[Stored data]
lemma semidir_eqI:
  fixes G K :: "(real^('n::{finite,wellorder})^('n::{finite,wellorder})) set"
  assumes G: "is_subgroup_GL G" and "K \<subseteq> G"
    and factor: "\<And>g. g \<in> G \<Longrightarrow> \<exists>k\<in>K. g = k ** emb (det g)"
  shows "G = semidir K {x. x \<noteq> 0 \<and> emb x \<in> G}"
proof
  show "semidir K {x. x \<noteq> 0 \<and> emb x \<in> G} \<subseteq> G"
    using G \<open>K \<subseteq> G\<close> by (auto simp: semidir_def is_subgroup_GL_def)
  show "G \<subseteq> semidir K {x. x \<noteq> 0 \<and> emb x \<in> G}"
  proof
    fix g
    assume "g \<in> G"
    then obtain k where "k \<in> K" and g: "g = k ** emb (det g)"
      using factor by blast
    have "invertible g" "invertible k"
      using G \<open>g \<in> G\<close> \<open>k \<in> K\<close> \<open>K \<subseteq> G\<close> by (auto simp: is_subgroup_GL_def GLn_def)
    have "emb (det g) = matrix_inv k ** g"
      by (subst g) (simp add: matrix_mul_assoc matrix_inv_left \<open>invertible k\<close>)
    then have "emb (det g) \<in> G"
      using G \<open>g \<in> G\<close> \<open>k \<in> K\<close> \<open>K \<subseteq> G\<close> by (auto simp: is_subgroup_GL_def)
    then show "g \<in> semidir K {x. x \<noteq> 0 \<and> emb x \<in> G}"
      using \<open>k \<in> K\<close> g \<open>invertible g\<close> by (auto simp: semidir_def invertible_det_nz)
  qed
qed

### Task requirements
Copy all of the entries above exactly as shown.

### Task result
lemma semidir_eqI:
  fixes G K :: "(real^('n::{finite,wellorder})^('n::{finite,wellorder})) set"
  assumes G: "is_subgroup_GL G" and "K \<subseteq> G"
    and factor: "\<And>g. g \<in> G \<Longrightarrow> \<exists>k\<in>K. g = k ** emb (det g)"
  shows "G = semidir K {x. x \<noteq> 0 \<and> emb x \<in> G}"
proof
  show "semidir K {x. x \<noteq> 0 \<and> emb x \<in> G} \<subseteq> G"
    using G \<open>K \<subseteq> G\<close> by (auto simp: semidir_def is_subgroup_GL_def)
  show "G \<subseteq> semidir K {x. x \<noteq> 0 \<and> emb x \<in> G}"
  proof
    fix g
    assume "g \<in> G"
    then obtain k where "k \<in> K" and g: "g = k ** emb (det g)"
      using factor by blast
    have "invertible g" "invertible k"
      using G \<open>g \<in> G\<close> \<open>k \<in> K\<close> \<open>K \<subseteq> G\<close> by (auto simp: is_subgroup_GL_def GLn_def)
    have "emb (det g) = matrix_inv k ** g"
      by (subst g) (simp add: matrix_mul_assoc matrix_inv_left \<open>invertible k\<close>)
    then have "emb (det g) \<in> G"
      using G \<open>g \<in> G\<close> \<open>k \<in> K\<close> \<open>K \<subseteq> G\<close> by (auto simp: is_subgroup_GL_def)
    then show "g \<in> semidir K {x. x \<noteq> 0 \<and> emb x \<in> G}"
      using \<open>k \<in> K\<close> g \<open>invertible g\<close> by (auto simp: semidir_def invertible_det_nz)
  qed
qed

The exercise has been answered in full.